For this project, you can start with a spam/ham dataset, then predict the class of new documents (either withheld from the training dataset or from another source such as your own spam folder). One example corpus: https://spamassassin.apache.org/publiccorpus/

Here are two short videos that you may find helpful.
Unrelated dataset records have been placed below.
lemma brk_opar_opar:
  assumes B: "multilin' q B" and zs: "set zs \<subseteq> Homog" "length zs = p + q"
  shows "brk' p A q (opar' d (opar' c B)) zs = (if d = c then brk' p A q (opar' c B) zs else 0)"
proof -
  have "brk' p A q (opar' d (opar' c B)) zs = brk' p A q (\<lambda>w. if d = c then opar' c B w else 0) zs"
    using zs opar_opar_Homog[OF B] by (intro brk_cong[where S = Homog]) auto
  then show ?thesis
    by (cases "d = c") (simp_all add: brk_zero_right)
qed

lemma brk_AA_swap:
  assumes A: "graded_symmetric p A" and B: "multilin' q B" and xy: "x \<in> Homog" "y \<in> Homog"
    and zs: "set zs \<subseteq> Homog" "length zs + 2 = p + q"
  shows "brk_AA p A q B x y zs = sg (par x) (par y) (brk_AA p A q B y x zs)"
proof (cases "2 \<le> p")
  case True
  have "bullet (p - 1) (bullet p A x) y w = sg (par x) (par y) (bullet (p - 1) (bullet p A y) x w)"
    if "length w = p - 2" "set w \<subseteq> Homog" for w
    using graded_symmetricD[OF A, of "[]" w x y] that xy True by (simp add: bullet_def sg_scale)
  then have "brk' (p - 2) (bullet (p - 1) (bullet p A x) y) q C zs =
      sg (par x) (par y) (brk' (p - 2) (bullet (p - 1) (bullet p A y) x) q C zs)" for C
    using zs True brk_cong[where S = Homog and A = "bullet (p - 1) (bullet p A x) y"
        and A' = "\<lambda>w. sg (par x) (par y) (bullet (p - 1) (bullet p A y) x w)" and B = C and B' = C]
    by (simp add: brk_sg_left)
  moreover have "length zs = p - 2 + q"
    using zs True by simp
  ultimately have "brk' (p - 2) (bullet (p - 1) (bullet p A x) y) q (opar' d (opar' c B)) zs =
      (if d = c then sg (par x) (par y) (brk' (p - 2) (bullet (p - 1) (bullet p A y) x) q (opar' c B) zs)
       else 0)"
    "brk' (p - 2) (bullet (p - 1) (bullet p A y) x) q (opar' d (opar' c B)) zs =
      (if d = c then brk' (p - 2) (bullet (p - 1) (bullet p A y) x) q (opar' c B) zs else 0)" for c d
    using brk_opar_opar[OF B zs(1)] by simp_all
  then show ?thesis
    unfolding brk_AA_def using True
    by (simp only: if_True) (cases "par x"; cases "par y"; simp add: UNIV_bool sg_def)
qed (simp add: brk_AA_def)

text \<open>The mixed terms trade places: \<open>|B \<bullet> x| = |B| + |x|\<close> turns the sign \<open>(-1)^(|y||B \<bullet> x|)\<close>
  into \<open>(-1)^(|x||y|) (-1)^(|y||B|)\<close>.\<close>
lemma brk_BA_swap:
  assumes B: "multilin' q B" and xy: "x \<in> Homog" "y \<in> Homog"
    and zs: "set zs \<subseteq> Homog" "length zs + 2 = p + q"
  shows "brk_BA p A q B x y zs = sg (par x) (par y) (brk_AB p A q B y x zs)"
proof (cases "p \<noteq> 0 \<and> q \<noteq> 0")
  case True
  have "brk' (p - 1) (bullet p A y) (q - 1) (opar' d (bullet q B x)) zs =
      brk' (p - 1) (bullet p A y) (q - 1) (bullet q (opar' (d \<noteq> par x) B) x) zs" for d
    using zs True opar_bullet_Homog[OF B _ xy(1)] by (intro brk_cong[where S = Homog]) auto
  then show ?thesis
    using True
    by (simp add: brk_BA_def brk_AB_def UNIV_bool) (cases "par x"; cases "par y"; simp add: sg_def)
qed (auto simp: brk_BA_def brk_AB_def)

lemma brk_swap_first_two:
  assumes A: "multilin' p A" "graded_symmetric p A" and B: "multilin' q B" "graded_symmetric q B"
    and xy: "x \<in> Homog" "y \<in> Homog" and zs: "set zs \<subseteq> Homog" "length zs + 2 = p + q"
  shows "brk' p A q B (x # y # zs) = sg (par x) (par y) (brk' p A q B (y # x # zs))"
proof -
  have "brk_AB p A q B x y zs = sg (par x) (par y) (brk_BA p A q B y x zs)"
    using brk_BA_swap[OF B(1) xy(2,1) zs, of A] by (simp add: sg_swap)
  then show ?thesis
    using brk_Cons_Cons_Homog[OF A(1) xy zs(2)] brk_Cons_Cons_Homog[OF A(1) xy(2,1) zs(2)]
      brk_BB_swap[OF B(2) xy zs, of A] brk_AA_swap[OF A(2) B(1) xy zs]
      brk_BA_swap[OF B(1) xy zs, of A]
    by (simp add: sg_add sg_scale algebra_simps)
qed

lemma graded_symmetric_brk:
  assumes "multilin' p A" "graded_symmetric p A" "multilin' q B" "graded_symmetric q B"
  shows "graded_symmetric (p + q) (brk' p A q B)"
  unfolding graded_symmetric_def
proof (intro allI impI)
  fix pre post x y
  assume "set pre \<subseteq> Homog" "set post \<subseteq> Homog" "x \<in> Homog" "y \<in> Homog"
    "length pre + length post + 2 = p + q"
  then show "brk' p A q B (pre @ x # y # post) = sg (par x) (par y) (brk' p A q B (pre @ y # x # post))"
    using assms
  proof (induction pre arbitrary: p q A B)
    case Nil
    then show ?case
      using brk_swap_first_two[of p A q B x y post] by simp
  next
    case (Cons w pre)
    note A = Cons.prems(6,7) and B = Cons.prems(8,9)
    have w: "w \<in> Homog"
      using Cons.prems(1) by simp
    have len: "length (pre @ x # y # post) + 1 = p + q" "length (pre @ y # x # post) + 1 = p + q"
      using Cons.prems(5) by simp_all
    have right: "brk' p A (q - 1) (bullet q B w) (pre @ x # y # post) =
        sg (par x) (par y) (brk' p A (q - 1) (bullet q B w) (pre @ y # x # post))" if "q \<noteq> 0"
      using Cons.prems A that multilin_bullet[OF B(1)] graded_symmetric_bullet[OF B(2) w]
      by (intro Cons.IH) auto
    have left: "brk' (p - 1) (bullet p A w) q (opar' c B) (pre @ x # y # post) =
        sg (par x) (par y) (brk' (p - 1) (bullet p A w) q (opar' c B) (pre @ y # x # post))"
      if "p \<noteq> 0" for c
      using Cons.prems that multilin_bullet[OF A(1)] graded_symmetric_bullet[OF A(2) w]
        multilin_opar[OF B(1)] graded_symmetric_opar[OF B]
      by (intro Cons.IH) auto
    show ?case
      using brk_Cons_Homog[OF A(1) w len(1)] brk_Cons_Homog[OF A(1) w len(2)] right left
      by (cases "p = 0"; cases "q = 0")
        (simp_all add: sg_add sg_scale sg_sum sg_commute[of "par x" "par y"])
  qed
qed

lemma ext_br_vanishing:
  assumes "\<And>p xs. MA < p \<Longrightarrow> length xs = p \<Longrightarrow> A p xs = 0"
    and "\<And>q xs. MB < q \<Longrightarrow> length xs = q \<Longrightarrow> B q xs = 0"
    and "MA + MB < length xs"
  shows "ext_br scale G0 G1 br A B (length xs) xs = 0"
  unfolding ext_br_def
proof (intro sum.neutral ballI)
  fix p assume "p \<in> {..length xs}"
  then consider "MA < p" | "MB < length xs - p"
    using assms(3) by fastforce
  then show "brk' p (A p) (length xs - p) (B (length xs - p)) xs = 0"
  proof cases
    case 1
    then show ?thesis
      using assms(1) \<open>p \<in> {..length xs}\<close> by (intro brk_vanishing_left) auto
  next
    case 2
    then show ?thesis
      using assms(2) \<open>p \<in> {..length xs}\<close> by (intro brk_vanishing_right) auto
  qed
qed

lemma in_S_ext_br:
  assumes A: "in_S scale G0 G1 A" and B: "in_S scale G0 G1 B"
  shows "in_S scale G0 G1 (ext_br scale G0 G1 br A B)"
proof -
  have multilin: "multilin' p (A p)" "multilin' p (B p)"
    and sym: "graded_symmetric p (A p)" "graded_symmetric p (B p)" for p
    using A B by (auto simp: in_S_def in_U_def intro: graded_symmetric_if_symmetric_op)
  have brk_n: "multilin' n (brk' p (A p) (n - p) (B (n - p)))"
    "graded_symmetric n (brk' p (A p) (n - p) (B (n - p)))" if "p \<in> {..n}" for n p
    using multilin_brk[OF multilin(1) multilin(2)]
      graded_symmetric_brk[OF multilin(1) sym(1) multilin(2) sym(2)] that
    by (metis atMost_iff le_add_diff_inverse)+
  have "multilin' n (ext_br scale G0 G1 br A B n)" "graded_symmetric n (ext_br scale G0 G1 br A B n)" for n
    unfolding ext_br_def using brk_n by (auto intro: multilin_sum graded_symmetric_sum)
  moreover obtain MA MB where "\<And>p xs. MA < p \<Longrightarrow> length xs = p \<Longrightarrow> A p xs = 0"
    "\<And>q xs. MB < q \<Longrightarrow> length xs = q \<Longrightarrow> B q xs = 0"
    using A B unfolding in_S_def in_U_def finite_support_iff_eventually_vanishing by blast
  then have "finite {n. \<exists>xs. length xs = n \<and> ext_br scale G0 G1 br A B n xs \<noteq> 0}"
    unfolding finite_support_iff_eventually_vanishing
    using ext_br_vanishing[of MA A MB B] by blast
  ultimately show ?thesis
    by (simp add: in_S_def in_U_def symmetric_op_if_graded_symmetric)
qed

end

lemma graded_bilinear_if_lie_superalgebra:
  "lie_superalgebra scale G0 G1 br \<Longrightarrow> graded_bilinear scale G0 G1 br"
  unfolding lie_superalgebra_def
  by (intro graded_bilinear.intro graded_space.intro graded_space_axioms.intro
      graded_bilinear_axioms.intro) simp_all

theorem proposition4p2:
  fixes scale :: "'k::field_char_0 \<Rightarrow> 'g::ab_group_add \<Rightarrow> 'g"
    and G0 G1 :: "'g set" and br :: "'g \<Rightarrow> 'g \<Rightarrow> 'g"
    and A B :: "nat \<Rightarrow> 'g list \<Rightarrow> 'g"
  assumes "lie_superalgebra scale G0 G1 br"
    and "in_S scale G0 G1 A" and "in_S scale G0 G1 B"
  shows "in_S scale G0 G1 (ext_br scale G0 G1 br A B)"
  using graded_bilinear.in_S_ext_br[OF graded_bilinear_if_lie_superalgebra] assms by blast

end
The first video shows how to unzip the provided files.

Solutions:

Packages used

  1. library(tidyverse)
  2. library(tidytext)
  3. library(tm)
  4. library(caret)
  5. library(e1071)
  6. library(wordcloud)
  7. library(R.utils)
  8. library(DT)

Download and Extract files

The spam and ham files are downloaded from spamassassin’s website:

getFiles <- function(files,baseurl)
{
        for (i in 1: length(files))
          {
                fUrl <- str_c(baseurl,files[i])
                download.file(fUrl, destfile = files[i])
                Sys.sleep(1)
        }
}
targetFiles <- c("20050311_spam_2.tar.bz2","20030228_easy_ham_2.tar.bz2")
getFiles(targetFiles,"https://spamassassin.apache.org/old/publiccorpus/")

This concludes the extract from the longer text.